第八章
五 錯綜
いつまでもこの地下室に閉じ込められたまま大人しくしているわけにいはいかなかった。
一刻も早く脱出しなければ……ミッターマイヤーを信じていたが、だが彼だけに任せておくわけにもいかない。自分で動ける部分は自分で動かなくては……
「じゃ、サクサクっとずらかりましょう」
ロイエンタールの考えにサラッと、だがとても艦隊司令官のものとも思えないような言葉使いでヘネラリーフェは言い放った。

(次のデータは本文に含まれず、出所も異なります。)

lemma exists_Lipschitz_vanishing_at_infinity:
  fixes K :: "nat \<Rightarrow> 'a set"
  assumes lc: "locally_compact_space mtopology"
    and K: "\<And>n. compactin mtopology (K n)" "(\<Union>n. K n) = M"
  obtains h where "\<And>x. 0 \<le> h x" "\<And>x. x \<in> M \<Longrightarrow> 0 < h x"
    "\<And>x y. x \<in> M \<Longrightarrow> y \<in> M \<Longrightarrow> h x \<le> h y + d x y"
    "\<And>\<epsilon>. 0 < \<epsilon> \<Longrightarrow> compactin mtopology {x \<in> M. \<epsilon> \<le> h x}"
proof -
  have "\<forall>x\<in>M. \<exists>r. 0 < r \<and> r \<le> 1 \<and> compactin mtopology (mcball x r)"
  proof
    fix x assume "x \<in> M"
    show "\<exists>r. 0 < r \<and> r \<le> 1 \<and> compactin mtopology (mcball x r)"
      by (rule locally_compact_space_compact_mcball[OF lc \<open>x \<in> M\<close> zero_less_one]) blast
  qed
  then obtain R where R: "\<forall>x\<in>M. 0 < R x \<and> R x \<le> 1 \<and> compactin mtopology (mcball x (R x))"
    by (metis bchoice)
  have KM: "K n \<subseteq> M" for n
    using K(2) by blast
  have "\<forall>n. \<exists>F. finite F \<and> F \<subseteq> K n \<and> K n \<subseteq> (\<Union>x\<in>F. mball x (R x))"
  proof
    fix n
    have "0 < R x" if "x \<in> K n" for x
      using R KM that by blast
    then obtain F where "finite F" "F \<subseteq> K n" "K n \<subseteq> (\<Union>x\<in>F. mball x (R x))"
      using compactin_finite_mball_cover[OF K(1)] by metis
    then show "\<exists>F. finite F \<and> F \<subseteq> K n \<and> K n \<subseteq> (\<Union>x\<in>F. mball x (R x))"
      by blast
  qed
  then obtain F where "\<forall>n. finite (F n) \<and> F n \<subseteq> K n \<and> K n \<subseteq> (\<Union>x\<in>F n. mball x (R x))"
    by (metis choice)
  then have F: "\<And>n. finite (F n)" "\<And>n. F n \<subseteq> K n" "\<And>n. K n \<subseteq> (\<Union>x\<in>F n. mball x (R x))"
    by blast+
  have FM: "x \<in> M" if "x \<in> F n" for x n
    using F(2) KM that by blast
  \<comment> \<open>The weights (1/2)^n leave only finitely many balls above any level \<open>\<epsilon> > 0\<close>.\<close>
  define bump where "bump n x y = (1/2::real)^n * max 0 (R x - d x y)" for n x y
  define S where "S y = insert 0 {bump n x y | n x. x \<in> F n}" for y
  define h where "h y = Sup (S y)" for y
  have bump_le: "bump n x y \<le> (1/2)^n" if "x \<in> F n" for n x y
  proof -
    have "R x \<le> 1"
      using R FM[OF that] by blast
    then have "max 0 (R x - d x y) \<le> 1"
      using nonneg[of x y] by linarith
    then show ?thesis
      unfolding bump_def by (simp add: mult_left_le)
  qed
  have bdd: "bdd_above (S y)" for y
  proof (rule bdd_aboveI)
    fix w assume "w \<in> S y"
    then consider "w = 0" | n x where "x \<in> F n" "w = bump n x y"
      unfolding S_def by blast
    then show "w \<le> 1"
    proof cases
      case 2
      then show ?thesis
        using bump_le[OF 2(1), of y] power_le_one[of "1/2::real" n] by linarith
    qed simp
  qed
  have bump_le_h: "bump n x y \<le> h y" if "x \<in> F n" for n x y
    unfolding h_def using that by (intro cSup_upper[OF _ bdd]) (auto simp: S_def)
  have h_nonneg: "0 \<le> h y" for y
    unfolding h_def by (intro cSup_upper[OF _ bdd]) (simp add: S_def)
  have bump_Lipschitz: "bump n x y \<le> bump n x z + d y z" if "x \<in> M" "y \<in> M" "z \<in> M" for n x y z
  proof -
    have "max 0 (R x - d x y) \<le> max 0 (R x - d x z) + d y z"
      using triangle[OF that] nonneg[of y z] by (auto simp: max_def)
    then have "bump n x y \<le> bump n x z + (1/2)^n * d y z"
      unfolding bump_def by (simp add: distrib_left[symmetric] mult_left_mono)
    also have "(1/2::real)^n * d y z \<le> d y z"
      by (simp add: mult_left_le_one_le power_le_one)
    finally show ?thesis by simp
  qed
  have h_pos: "0 < h y" if "y \<in> M" for y
  proof -
    obtain n where "y \<in> K n"
      using K(2) \<open>y \<in> M\<close> by blast
    then obtain x where "x \<in> F n" "y \<in> mball x (R x)"
      using F(3) by blast
    then have "0 < bump n x y"
      by (simp add: bump_def)
    then show "0 < h y"
      using bump_le_h[OF \<open>x \<in> F n\<close>, of y] by linarith
  qed
  have h_Lipschitz: "h y \<le> h z + d y z" if y: "y \<in> M" and z: "z \<in> M" for y z
  proof -
    have "w \<le> h z + d y z" if w: "w \<in> S y" for w
    proof -
      consider "w = 0" | n x where "x \<in> F n" "w = bump n x y"
        using w unfolding S_def by blast
      then show ?thesis
      proof cases
        case 1
        then show ?thesis
          using h_nonneg[of z] nonneg[of y z] by linarith
      next
        case 2
        then show ?thesis
          using bump_Lipschitz[OF FM[OF 2(1)] y z, of n] bump_le_h[OF 2(1), of z] by linarith
      qed
    qed
    then show "h y \<le> h z + d y z"
      unfolding h_def by (intro cSup_least) (auto simp: S_def)
  qed
  have h_compact: "compactin mtopology {x \<in> M. \<epsilon> \<le> h x}" if "0 < \<epsilon>" for \<epsilon>
  proof -
    obtain N where N: "(1/2::real)^N < \<epsilon>"
      using real_arch_pow_inv[of \<epsilon> "1/2"] \<open>0 < \<epsilon>\<close> by auto
    define C where "C = (\<Union>(n, x)\<in>Sigma {..<N} F. mcball x (R x))"
    have "compactin mtopology C"
      unfolding C_def using F(1) R FM
      by (intro compactin_Union) (auto simp: finite_SigmaI)
    moreover have "{x \<in> M. \<epsilon> \<le> h x} \<subseteq> C"
    proof
      fix y assume "y \<in> {x \<in> M. \<epsilon> \<le> h x}"
      then have y: "y \<in> M" "(1/2)^N < Sup (S y)"
        using N unfolding h_def by auto
      then obtain w where w: "w \<in> S y" "(1/2)^N < w"
        using less_cSup_iff[OF _ bdd] by (auto simp: S_def)
      moreover have "(0::real) < (1/2)^N"
        by simp
      ultimately obtain n x where nx: "x \<in> F n" "w = bump n x y"
        unfolding S_def by auto
      have "(1/2::real)^N < (1/2)^n"
        using w(2) nx bump_le[OF nx(1), of y] by linarith
      then have "n < N"
        by (simp add: power_strict_decreasing_iff)
      moreover have "0 < bump n x y"
        using w(2) nx(2) \<open>(0::real) < (1/2)^N\<close> by linarith
      then have "y \<in> mcball x (R x)"
        using y(1) FM[OF nx(1)] by (simp add: bump_def)
      ultimately show "y \<in> C"
        unfolding C_def using nx(1) by blast
    qed
    moreover have "closedin mtopology {x \<in> M. \<epsilon> \<le> h x}"
      using h_Lipschitz by (rule closedin_superlevel_Lipschitz)
    ultimately show ?thesis
      by (rule closed_compactin)
  qed
  show ?thesis
    using that h_nonneg h_pos h_Lipschitz h_compact by blast
qed
(* Let $X$ be a real reflexive Banach space satisfying (CFPP). Let $F = \bigcap_{k=1}^\infty F_k$, where for each $k$, $F_k = \{x \in X : f_k(x) \le d_k\}$ with $f_k \in X^*$, $\|f_k\| = 1$, $d_k \ge 0$, and $F_k$ is a contractive set. For each $k$ let $y_k \in X$ with $f_k(y_k) = 1$ be such that $P_k x = x - f_k(x) y_k$ defines a linear projection of norm one from $X$ onto $\ker(f_k)$. If $0 \notin \mathrm{cl}(\mathrm{conv}(\{y_k\}_{k \in \mathbb{N}}))$, then $F$ is a contractive set.
   Context: A real Banach space $X$ has (CFPP) if for every non-empty, convex, closed and bounded set $D \subset X$ and every nonexpansive mapping $T : X \to X$ (i.e. $\|Tx - Ty\| \le \|x-y\|$) with $T(D) \subset D$, $T$ has a fixed point in $D$. A non-empty set $D \subset X$ is contractive if there exists $P : X \to D$ with $P|_D = \mathrm{id}_D$ and $\|Px - Py\| \le \|x-y\|$ for all $x,y \in X$. $\mathrm{cl}(\mathrm{conv}(\cdot))$ is the norm-closed convex hull. *)

theory Defs
  imports "HOL-Analysis.Analysis"
begin

definition nonexpansive :: "('a::real_normed_vector \<Rightarrow> 'a) \<Rightarrow> bool" where
  "nonexpansive T \<longleftrightarrow> (\<forall>x y. norm (T x - T y) \<le> norm (x - y))"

だがどうやって? という疑問はすぐに解消された。琥珀色の長い髪が顔に落ちかからない程度に纏めるために使用していたヘアピンを取り出したのだ。
「それで開けられるのか?」
思わず言ってしまったロイエンタールをヘネラリーフェは仰天するような台詞で黙らせる。
「補導歴三回を甘く見ないで」
補導歴って一体……少しはわかりかけたように思っていたヘネラリーフェは益々わからなくなりそうだった。
「ある意味貴族の屋敷ってアナログなのよね」
フンフンとまるで鼻歌でも歌い出しそうな風情でヘネラリーフェは固く閉ざされている扉に向かう。
とは言え、やはり思い通りに動いてくれない躰に閉口してか少々手付きはおぼつかない。撃たれた傷からの出血も影響を与えていた。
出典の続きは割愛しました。